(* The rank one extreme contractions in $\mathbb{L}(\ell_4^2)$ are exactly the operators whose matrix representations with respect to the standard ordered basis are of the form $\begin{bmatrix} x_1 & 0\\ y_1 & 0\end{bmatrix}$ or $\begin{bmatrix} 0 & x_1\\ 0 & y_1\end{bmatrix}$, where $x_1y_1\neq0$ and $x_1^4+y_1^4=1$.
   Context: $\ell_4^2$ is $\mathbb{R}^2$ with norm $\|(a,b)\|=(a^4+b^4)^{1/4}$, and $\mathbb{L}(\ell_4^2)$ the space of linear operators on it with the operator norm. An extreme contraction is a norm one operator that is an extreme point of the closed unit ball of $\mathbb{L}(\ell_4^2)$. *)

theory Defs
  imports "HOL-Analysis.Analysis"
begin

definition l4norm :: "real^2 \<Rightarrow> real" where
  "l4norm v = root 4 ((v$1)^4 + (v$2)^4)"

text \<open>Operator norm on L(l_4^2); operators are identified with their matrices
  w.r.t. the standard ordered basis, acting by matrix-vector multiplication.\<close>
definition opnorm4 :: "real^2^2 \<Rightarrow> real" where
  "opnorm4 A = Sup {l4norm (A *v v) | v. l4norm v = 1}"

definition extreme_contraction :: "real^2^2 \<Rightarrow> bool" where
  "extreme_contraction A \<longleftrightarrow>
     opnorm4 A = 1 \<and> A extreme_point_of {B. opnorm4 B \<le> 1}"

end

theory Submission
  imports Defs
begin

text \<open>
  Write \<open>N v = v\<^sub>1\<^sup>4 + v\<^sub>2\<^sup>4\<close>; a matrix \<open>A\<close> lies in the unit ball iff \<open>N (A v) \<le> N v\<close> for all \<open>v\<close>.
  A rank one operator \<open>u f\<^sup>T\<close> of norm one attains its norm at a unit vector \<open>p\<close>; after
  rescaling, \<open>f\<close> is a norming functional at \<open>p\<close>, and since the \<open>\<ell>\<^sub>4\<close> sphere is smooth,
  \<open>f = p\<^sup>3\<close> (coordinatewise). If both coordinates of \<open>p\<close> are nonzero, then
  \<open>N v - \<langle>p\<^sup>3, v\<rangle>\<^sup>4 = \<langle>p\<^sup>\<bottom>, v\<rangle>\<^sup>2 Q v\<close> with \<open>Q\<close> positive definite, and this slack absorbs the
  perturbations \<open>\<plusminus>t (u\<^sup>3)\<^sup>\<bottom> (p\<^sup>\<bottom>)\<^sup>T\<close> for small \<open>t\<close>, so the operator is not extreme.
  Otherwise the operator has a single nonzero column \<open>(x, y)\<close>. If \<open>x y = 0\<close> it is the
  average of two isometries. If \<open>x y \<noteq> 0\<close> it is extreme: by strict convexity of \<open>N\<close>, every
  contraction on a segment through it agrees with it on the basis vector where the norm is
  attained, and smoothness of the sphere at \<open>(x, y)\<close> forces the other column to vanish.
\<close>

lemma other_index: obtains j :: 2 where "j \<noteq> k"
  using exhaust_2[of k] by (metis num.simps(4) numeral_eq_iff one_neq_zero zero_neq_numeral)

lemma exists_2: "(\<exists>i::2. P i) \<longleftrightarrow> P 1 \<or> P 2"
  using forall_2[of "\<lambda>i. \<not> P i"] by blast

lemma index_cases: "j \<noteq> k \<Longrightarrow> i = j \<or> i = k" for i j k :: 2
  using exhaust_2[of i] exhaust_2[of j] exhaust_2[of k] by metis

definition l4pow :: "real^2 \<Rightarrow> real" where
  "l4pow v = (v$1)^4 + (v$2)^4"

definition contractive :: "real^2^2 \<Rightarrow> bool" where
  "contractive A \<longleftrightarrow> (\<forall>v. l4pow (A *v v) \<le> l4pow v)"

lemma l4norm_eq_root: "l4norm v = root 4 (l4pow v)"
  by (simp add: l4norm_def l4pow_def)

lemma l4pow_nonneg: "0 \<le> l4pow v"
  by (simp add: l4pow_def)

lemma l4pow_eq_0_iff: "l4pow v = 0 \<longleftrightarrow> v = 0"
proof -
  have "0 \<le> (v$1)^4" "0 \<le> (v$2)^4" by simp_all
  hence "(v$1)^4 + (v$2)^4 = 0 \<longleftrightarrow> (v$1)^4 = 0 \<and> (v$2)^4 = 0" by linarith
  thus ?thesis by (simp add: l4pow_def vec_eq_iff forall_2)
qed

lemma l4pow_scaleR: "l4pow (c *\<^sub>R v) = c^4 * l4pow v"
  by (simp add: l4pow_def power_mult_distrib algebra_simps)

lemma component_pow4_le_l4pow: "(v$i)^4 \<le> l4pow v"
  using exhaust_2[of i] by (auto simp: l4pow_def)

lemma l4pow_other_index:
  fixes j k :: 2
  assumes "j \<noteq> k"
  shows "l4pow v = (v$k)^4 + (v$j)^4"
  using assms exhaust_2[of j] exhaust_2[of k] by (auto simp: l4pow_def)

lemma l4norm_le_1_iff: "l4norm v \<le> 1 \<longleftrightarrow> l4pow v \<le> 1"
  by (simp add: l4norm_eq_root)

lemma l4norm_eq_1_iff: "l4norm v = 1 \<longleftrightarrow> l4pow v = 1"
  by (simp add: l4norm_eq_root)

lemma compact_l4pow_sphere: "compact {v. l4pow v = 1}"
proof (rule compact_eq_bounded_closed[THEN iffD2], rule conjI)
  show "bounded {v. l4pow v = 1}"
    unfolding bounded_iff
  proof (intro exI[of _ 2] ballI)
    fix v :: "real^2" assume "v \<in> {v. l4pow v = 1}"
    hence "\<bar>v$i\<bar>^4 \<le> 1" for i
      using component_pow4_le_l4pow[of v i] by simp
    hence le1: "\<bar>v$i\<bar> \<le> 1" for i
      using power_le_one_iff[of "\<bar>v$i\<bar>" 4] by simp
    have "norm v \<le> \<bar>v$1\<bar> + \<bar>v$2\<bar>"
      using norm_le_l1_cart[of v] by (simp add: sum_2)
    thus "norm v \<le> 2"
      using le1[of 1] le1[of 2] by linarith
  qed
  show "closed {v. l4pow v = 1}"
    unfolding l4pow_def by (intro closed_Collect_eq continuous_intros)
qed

→ Activity
Every record above is to be transcribed exactly as written.

→ Response below
(* The rank one extreme contractions in $\mathbb{L}(\ell_4^2)$ are exactly the operators whose matrix representations with respect to the standard ordered basis are of the form $\begin{bmatrix} x_1 & 0\\ y_1 & 0\end{bmatrix}$ or $\begin{bmatrix} 0 & x_1\\ 0 & y_1\end{bmatrix}$, where $x_1y_1\neq0$ and $x_1^4+y_1^4=1$.
   Context: $\ell_4^2$ is $\mathbb{R}^2$ with norm $\|(a,b)\|=(a^4+b^4)^{1/4}$, and $\mathbb{L}(\ell_4^2)$ the space of linear operators on it with the operator norm. An extreme contraction is a norm one operator that is an extreme point of the closed unit ball of $\mathbb{L}(\ell_4^2)$. *)

theory Defs
  imports "HOL-Analysis.Analysis"
begin

definition l4norm :: "real^2 \<Rightarrow> real" where
  "l4norm v = root 4 ((v$1)^4 + (v$2)^4)"

text \<open>Operator norm on L(l_4^2); operators are identified with their matrices
  w.r.t. the standard ordered basis, acting by matrix-vector multiplication.\<close>
definition opnorm4 :: "real^2^2 \<Rightarrow> real" where
  "opnorm4 A = Sup {l4norm (A *v v) | v. l4norm v = 1}"

definition extreme_contraction :: "real^2^2 \<Rightarrow> bool" where
  "extreme_contraction A \<longleftrightarrow>
     opnorm4 A = 1 \<and> A extreme_point_of {B. opnorm4 B \<le> 1}"

end

theory Submission
  imports Defs
begin

text \<open>
  Write \<open>N v = v\<^sub>1\<^sup>4 + v\<^sub>2\<^sup>4\<close>; a matrix \<open>A\<close> lies in the unit ball iff \<open>N (A v) \<le> N v\<close> for all \<open>v\<close>.
  A rank one operator \<open>u f\<^sup>T\<close> of norm one attains its norm at a unit vector \<open>p\<close>; after
  rescaling, \<open>f\<close> is a norming functional at \<open>p\<close>, and since the \<open>\<ell>\<^sub>4\<close> sphere is smooth,
  \<open>f = p\<^sup>3\<close> (coordinatewise). If both coordinates of \<open>p\<close> are nonzero, then
  \<open>N v - \<langle>p\<^sup>3, v\<rangle>\<^sup>4 = \<langle>p\<^sup>\<bottom>, v\<rangle>\<^sup>2 Q v\<close> with \<open>Q\<close> positive definite, and this slack absorbs the
  perturbations \<open>\<plusminus>t (u\<^sup>3)\<^sup>\<bottom> (p\<^sup>\<bottom>)\<^sup>T\<close> for small \<open>t\<close>, so the operator is not extreme.
  Otherwise the operator has a single nonzero column \<open>(x, y)\<close>. If \<open>x y = 0\<close> it is the
  average of two isometries. If \<open>x y \<noteq> 0\<close> it is extreme: by strict convexity of \<open>N\<close>, every
  contraction on a segment through it agrees with it on the basis vector where the norm is
  attained, and smoothness of the sphere at \<open>(x, y)\<close> forces the other column to vanish.
\<close>

lemma other_index: obtains j :: 2 where "j \<noteq> k"
  using exhaust_2[of k] by (metis num.simps(4) numeral_eq_iff one_neq_zero zero_neq_numeral)

lemma exists_2: "(\<exists>i::2. P i) \<longleftrightarrow> P 1 \<or> P 2"
  using forall_2[of "\<lambda>i. \<not> P i"] by blast

lemma index_cases: "j \<noteq> k \<Longrightarrow> i = j \<or> i = k" for i j k :: 2
  using exhaust_2[of i] exhaust_2[of j] exhaust_2[of k] by metis

definition l4pow :: "real^2 \<Rightarrow> real" where
  "l4pow v = (v$1)^4 + (v$2)^4"

definition contractive :: "real^2^2 \<Rightarrow> bool" where
  "contractive A \<longleftrightarrow> (\<forall>v. l4pow (A *v v) \<le> l4pow v)"

lemma l4norm_eq_root: "l4norm v = root 4 (l4pow v)"
  by (simp add: l4norm_def l4pow_def)

lemma l4pow_nonneg: "0 \<le> l4pow v"
  by (simp add: l4pow_def)

lemma l4pow_eq_0_iff: "l4pow v = 0 \<longleftrightarrow> v = 0"
proof -
  have "0 \<le> (v$1)^4" "0 \<le> (v$2)^4" by simp_all
  hence "(v$1)^4 + (v$2)^4 = 0 \<longleftrightarrow> (v$1)^4 = 0 \<and> (v$2)^4 = 0" by linarith
  thus ?thesis by (simp add: l4pow_def vec_eq_iff forall_2)
qed

lemma l4pow_scaleR: "l4pow (c *\<^sub>R v) = c^4 * l4pow v"
  by (simp add: l4pow_def power_mult_distrib algebra_simps)

lemma component_pow4_le_l4pow: "(v$i)^4 \<le> l4pow v"
  using exhaust_2[of i] by (auto simp: l4pow_def)

lemma l4pow_other_index:
  fixes j k :: 2
  assumes "j \<noteq> k"
  shows "l4pow v = (v$k)^4 + (v$j)^4"
  using assms exhaust_2[of j] exhaust_2[of k] by (auto simp: l4pow_def)

lemma l4norm_le_1_iff: "l4norm v \<le> 1 \<longleftrightarrow> l4pow v \<le> 1"
  by (simp add: l4norm_eq_root)

lemma l4norm_eq_1_iff: "l4norm v = 1 \<longleftrightarrow> l4pow v = 1"
  by (simp add: l4norm_eq_root)

lemma compact_l4pow_sphere: "compact {v. l4pow v = 1}"
proof (rule compact_eq_bounded_closed[THEN iffD2], rule conjI)
  show "bounded {v. l4pow v = 1}"
    unfolding bounded_iff
  proof (intro exI[of _ 2] ballI)
    fix v :: "real^2" assume "v \<in> {v. l4pow v = 1}"
    hence "\<bar>v$i\<bar>^4 \<le> 1" for i
      using component_pow4_le_l4pow[of v i] by simp
    hence le1: "\<bar>v$i\<bar> \<le> 1" for i
      using power_le_one_iff[of "\<bar>v$i\<bar>" 4] by simp
    have "norm v \<le> \<bar>v$1\<bar> + \<bar>v$2\<bar>"
      using norm_le_l1_cart[of v] by (simp add: sum_2)
    thus "norm v \<le> 2"
      using le1[of 1] le1[of 2] by linarith
  qed
  show "closed {v. l4pow v = 1}"
    unfolding l4pow_def by (intro closed_Collect_eq continuous_intros)
qed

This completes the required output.